Task to carry out |
Transcribe the listing from its top line through the line with "E \<Longrightarrow> v". Keep it exact, both ends included, and add nothing.

Input material |
abbreviation same_comp :: "'a \<Rightarrow> 'a \<Rightarrow> 'a \<Rightarrow> bool" where
  "same_comp v a b \<equiv> conn_minus E v a b"

lemma same_comp_refl: "same_comp v a a"
  by (simp add: conn_minus_def)

lemma same_comp_sym: "same_comp v a b \<Longrightarrow> same_comp v b a"
  by (simp add: conn_minus_def rtrancl_adj_sym)

lemma same_comp_trans: "same_comp v a b \<Longrightarrow> same_comp v b c \<Longrightarrow> same_comp v a c"
  by (simp add: conn_minus_def)

lemma same_comp_edge: "{a, b} \<in> E \<Longrightarrow> v \<noteq> a \<Longrightarrow> v \<noteq> b \<Longrightarrow> same_comp v a b"
  by (simp add: conn_minus_def adj_def r_into_rtrancl)

lemma same_comp_removed: "same_comp v v a \<Longrightarrow> a = v"
  unfolding conn_minus_def by (erule converse_rtranclE) (auto simp: adj_def)

lemma same_comp_in_V:
  assumes "same_comp v a n" "n \<in> V"
  shows "a \<in> V"
  using assms(1) unfolding conn_minus_def
proof (cases rule: converse_rtranclE)
  case (step b)
  then show ?thesis using edge_ends_in_V by (auto simp: adj_def)
qed (use assms in simp)

text \<open>On a walk from \<open>a\<close> to \<open>v\<close>, the segment up to the first of \<open>u\<close>, \<open>v\<close> avoids the other one.\<close>

lemma same_comp_either:
  assumes "u \<in> V" "v \<in> V" "a \<in> V" "u \<noteq> v"
  shows "same_comp u a v \<or> same_comp v a u"
proof -
  have "(a, v) \<in> (adj E)\<^sup>*" using connected assms by auto
  then show ?thesis
  proof (induction rule: converse_rtrancl_induct)
    case (step y z)
    have yz: "{y, z} \<in> E" using step.hyps(1) by (simp add: adj_def)
    have "same_comp w y z" if "same_comp w z v'" "y \<noteq> w" "w \<noteq> v'" for w v'
      using same_comp_edge[OF yz] that same_comp_removed by metis
    with step.IH show ?case
      using same_comp_refl same_comp_trans assms(4) by metis
  qed (simp add: same_comp_refl)
qed

lemma same_comp_neighbour:
  assumes "v \<in> V" "a \<in> V" "a \<noteq> v"
  obtains n where "{v, n} \<in> E" "same_comp v a n"
proof -
  have "(a, v) \<in> (adj E)\<^sup>*" using connected assms by auto
  then have "a = v \<or> (\<exists>n. {v, n} \<in> E \<and> same_comp v a n)"
  proof (induction rule: converse_rtrancl_induct)
    case (step y z)
    have yz: "{y, z} \<in> E" using step.hyps(1) by (simp add: adj_def)
    show ?case
    proof (cases "y = v")
      case False
      from step.IH show ?thesis
      proof
        assume "z = v"
        then have "{v, y} \<in> E" using yz by (simp add: insert_commute)
        then show ?thesis using same_comp_refl by blast
      next
        assume "\<exists>n. {v, n} \<in> E \<and> same_comp v z n"
        then obtain n where n: "{v, n} \<in> E" "same_comp v z n" by blast
        have "z \<noteq> v" using n edge_ends_neq same_comp_removed by metis
        then have "same_comp v y z" using same_comp_edge[OF yz] False by auto
        then show ?thesis using n same_comp_trans by blast
      qed
    qed simp
  qed simp
  then show ?thesis using assms that by blast
qed

lemma no_path_around_edge:
  assumes "{v, n} \<in> E" "(n, v) \<in> (adj (E - {{v, n}}))\<^sup>*"
  shows False
  using acyclic[OF assms(1) refl] rtrancl_adj_sym[OF assms(2)] by simp
(* Let $\varphi,\psi$ be non-negative locally finite Borel measures on $\mathbb R^d$ and let $f$ be a stable constrained density for $(\varphi,\psi)$. Let $X'$ be the set of unexhausted sites and $\Xi'$ the set of unsated centers. If $X'\neq\emptyset$ then $\psi(\Xi')<1$, and if $\Xi'\neq\emptyset$ then $\varphi(X')<1$. In particular, $\varphi(X')<1$ or $\psi(\Xi')<1$.
   Context: A non-negative measurable $f$ on $\mathbb R^d\times\mathbb R^d$ is a constrained density for $(\varphi,\psi)$ if $\int f(x,\xi)\psi(d\xi)\le1$ for all $x$, $\int f(x,\xi)\varphi(dx)\le 1$ for all $\xi$, and $f\le1$ everywhere. A site $x_0$ is exhausted if $\int f(x_0,\xi)\psi(d\xi)=1$ and unexhausted otherwise; a center $\xi_0$ is sated if $\int f(x,\xi_0)\varphi(dx)=1$ and unsated otherwise. $x_0$ desires $\xi_0$ if $f(x_0,\xi_0)<1$ and either $x_0$ is unexhausted or there is $\xi_1$ with $|x_0-\xi_1|>|x_0-\xi_0|$ and $f(x_0,\xi_1)>0$. $\xi_0$ desires $x_0$ if $f(x_0,\xi_0)<1$ and either $\xi_0$ is unsated or there is $x_1$ with $|x_1-\xi_0|>|x_0-\xi_0|$ and $f(x_1,\xi_0)>0$. $f$ is stable if no pair $(x_0,\xi_0)$ exists with $x_0$ desiring $\xi_0$ and $\xi_0$ desiring $x_0$. *)

theory Defs
  imports "HOL-Analysis.Analysis"
begin

definition locally_finite_borel :: "'a::euclidean_space measure \<Rightarrow> bool" where
  "locally_finite_borel M \<longleftrightarrow> sets M = sets borel \<and>
     (\<forall>K. compact K \<longrightarrow> emeasure M K < \<infinity>)"

definition site_mass :: "'a measure \<Rightarrow> ('a \<Rightarrow> 'a \<Rightarrow> real) \<Rightarrow> 'a \<Rightarrow> ennreal" where
  "site_mass \<psi> f x = (\<integral>\<^sup>+ \<xi>. ennreal (f x \<xi>) \<partial>\<psi>)"

definition center_mass :: "'a measure \<Rightarrow> ('a \<Rightarrow> 'a \<Rightarrow> real) \<Rightarrow> 'a \<Rightarrow> ennreal" where
  "center_mass \<phi> f \<xi> = (\<integral>\<^sup>+ x. ennreal (f x \<xi>) \<partial>\<phi>)"

definition constrained_density ::
  "'a::euclidean_space measure \<Rightarrow> 'a measure \<Rightarrow> ('a \<Rightarrow> 'a \<Rightarrow> real) \<Rightarrow> bool" where
  "constrained_density \<phi> \<psi> f \<longleftrightarrow>
     (\<lambda>(x, \<xi>). f x \<xi>) \<in> borel_measurable borel \<and>
     (\<forall>x \<xi>. 0 \<le> f x \<xi> \<and> f x \<xi> \<le> 1) \<and>
     (\<forall>x. site_mass \<psi> f x \<le> 1) \<and>
     (\<forall>\<xi>. center_mass \<phi> f \<xi> \<le> 1)"

definition exhausted :: "'a measure \<Rightarrow> ('a \<Rightarrow> 'a \<Rightarrow> real) \<Rightarrow> 'a \<Rightarrow> bool" where
  "exhausted \<psi> f x \<longleftrightarrow> site_mass \<psi> f x = 1"

definition sated :: "'a measure \<Rightarrow> ('a \<Rightarrow> 'a \<Rightarrow> real) \<Rightarrow> 'a \<Rightarrow> bool" where
  "sated \<phi> f \<xi> \<longleftrightarrow> center_mass \<phi> f \<xi> = 1"

definition site_desires ::
  "'a::euclidean_space measure \<Rightarrow> ('a \<Rightarrow> 'a \<Rightarrow> real) \<Rightarrow> 'a \<Rightarrow> 'a \<Rightarrow> bool" where
  "site_desires \<psi> f x0 \<xi>0 \<longleftrightarrow> f x0 \<xi>0 < 1 \<and>
     (\<not> exhausted \<psi> f x0 \<or> (\<exists>\<xi>1. dist x0 \<xi>1 > dist x0 \<xi>0 \<and> f x0 \<xi>1 > 0))"

definition center_desires ::
  "'a::euclidean_space measure \<Rightarrow> ('a \<Rightarrow> 'a \<Rightarrow> real) \<Rightarrow> 'a \<Rightarrow> 'a \<Rightarrow> bool" where
  "center_desires \<phi> f \<xi>0 x0 \<longleftrightarrow> f x0 \<xi>0 < 1 \<and>
     (\<not> sated \<phi> f \<xi>0 \<or> (\<exists>x1. dist x1 \<xi>0 > dist x0 \<xi>0 \<and> f x1 \<xi>0 > 0))"

definition stable ::
  "'a::euclidean_space measure \<Rightarrow> 'a measure \<Rightarrow> ('a \<Rightarrow> 'a \<Rightarrow> real) \<Rightarrow> bool" where
  "stable \<phi> \<psi> f \<longleftrightarrow>
     \<not> (\<exists>x0 \<xi>0. site_desires \<psi> f x0 \<xi>0 \<and> center_desires \<phi> f \<xi>0 x0)"

end

theory Submission
  imports Defs
begin

text \<open>An unexhausted site and an unsated center desire each other unless the density
  between them is already 1, so in a stable density every unexhausted site sends full
  mass to every unsated center.  Integrating the site's row (the center's column), whose
  total mass is below 1, then bounds the measure of the unsated centers (the unexhausted
  sites).\<close>

lemma emeasure_le_nn_integral_if_ge_one:
  assumes "\<And>x. x \<in> S \<Longrightarrow> 1 \<le> g x"
  shows "emeasure M S \<le> (\<integral>\<^sup>+ x. g x \<partial>M)"
proof (cases "S \<in> sets M")
  \<comment> \<open>a non-measurable \<open>S\<close> has \<open>emeasure\<close> 0\<close>
  case True
  then have "emeasure M S = (\<integral>\<^sup>+ x. indicator S x \<partial>M)"
    by simp
  also have "\<dots> \<le> (\<integral>\<^sup>+ x. g x \<partial>M)"
    by (rule nn_integral_mono) (auto simp: indicator_def assms)
  finally show ?thesis .
qed (simp add: emeasure_notin_sets)

lemma stable_unexhausted_unsated_saturated:
  assumes "constrained_density \<phi> \<psi> f" and "stable \<phi> \<psi> f"
    and "\<not> exhausted \<psi> f x" and "\<not> sated \<phi> f \<xi>"
  shows "f x \<xi> = 1"
proof (rule ccontr)
  assume "f x \<xi> \<noteq> 1"
  with assms(1) have "f x \<xi> < 1"
    unfolding constrained_density_def by (metis order_less_le)
  with assms(2-4) show False
    unfolding stable_def site_desires_def center_desires_def by auto
qed

lemma stable_unsated_measure_less_one:
  assumes "constrained_density \<phi> \<psi> f" and "stable \<phi> \<psi> f"
    and "\<not> exhausted \<psi> f x"
  shows "emeasure \<psi> {\<xi>. \<not> sated \<phi> f \<xi>} < 1"
proof -
  have "emeasure \<psi> {\<xi>. \<not> sated \<phi> f \<xi>} \<le> site_mass \<psi> f x"
    unfolding site_mass_def
    by (rule emeasure_le_nn_integral_if_ge_one)
       (simp add: stable_unexhausted_unsated_saturated[OF assms])
  also have "\<dots> < 1"
    using assms(1,3) unfolding exhausted_def constrained_density_def
    by (metis order_less_le)
  finally show ?thesis .
qed

lemma stable_unexhausted_measure_less_one:
  assumes "constrained_density \<phi> \<psi> f" and "stable \<phi> \<psi> f"
    and "\<not> sated \<phi> f \<xi>"
  shows "emeasure \<phi> {x. \<not> exhausted \<psi> f x} < 1"
proof -
  have "emeasure \<phi> {x. \<not> exhausted \<psi> f x} \<le> center_mass \<phi> f \<xi>"
    unfolding center_mass_def
    by (rule emeasure_le_nn_integral_if_ge_one)
       (simp add: stable_unexhausted_unsated_saturated[OF assms(1,2) _ assms(3)])
  also have "\<dots> < 1"
    using assms(1,3) unfolding sated_def constrained_density_def
    by (metis order_less_le)
  finally show ?thesis .
qed

theorem mainTheorem6:
  fixes \<phi> \<psi> :: "'a::euclidean_space measure" and f :: "'a \<Rightarrow> 'a \<Rightarrow> real"
  assumes "locally_finite_borel \<phi>" and "locally_finite_borel \<psi>"
    and "constrained_density \<phi> \<psi> f" and "stable \<phi> \<psi> f"
  defines "X' \<equiv> {x. \<not> exhausted \<psi> f x}" and "\<Xi>' \<equiv> {\<xi>. \<not> sated \<phi> f \<xi>}"
  shows "(X' \<noteq> {} \<longrightarrow> emeasure \<psi> \<Xi>' < 1) \<and> (\<Xi>' \<noteq> {} \<longrightarrow> emeasure \<phi> X' < 1)
         \<and> (emeasure \<phi> X' < 1 \<or> emeasure \<psi> \<Xi>' < 1)"
proof -
  have unsated: "X' \<noteq> {} \<longrightarrow> emeasure \<psi> \<Xi>' < 1"
    using stable_unsated_measure_less_one[OF assms(3,4)] unfolding X'_def \<Xi>'_def by blast
  have unexhausted: "\<Xi>' \<noteq> {} \<longrightarrow> emeasure \<phi> X' < 1"
    using stable_unexhausted_measure_less_one[OF assms(3,4)] unfolding X'_def \<Xi>'_def by blast
  have "emeasure \<phi> X' < 1 \<or> emeasure \<psi> \<Xi>' < 1"
    using unsated by (cases "X' = {}") auto
  with unsated unexhausted show ?thesis by blast
qed

end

Task result |
abbreviation same_comp :: "'a \<Rightarrow> 'a \<Rightarrow> 'a \<Rightarrow> bool" where
  "same_comp v a b \<equiv> conn_minus E v a b"

lemma same_comp_refl: "same_comp v a a"
  by (simp add: conn_minus_def)

lemma same_comp_sym: "same_comp v a b \<Longrightarrow> same_comp v b a"
  by (simp add: conn_minus_def rtrancl_adj_sym)

lemma same_comp_trans: "same_comp v a b \<Longrightarrow> same_comp v b c \<Longrightarrow> same_comp v a c"
  by (simp add: conn_minus_def)

lemma same_comp_edge: "{a, b} \<in> E \<Longrightarrow> v \<noteq> a \<Longrightarrow> v \<noteq> b \<Longrightarrow> same_comp v a b"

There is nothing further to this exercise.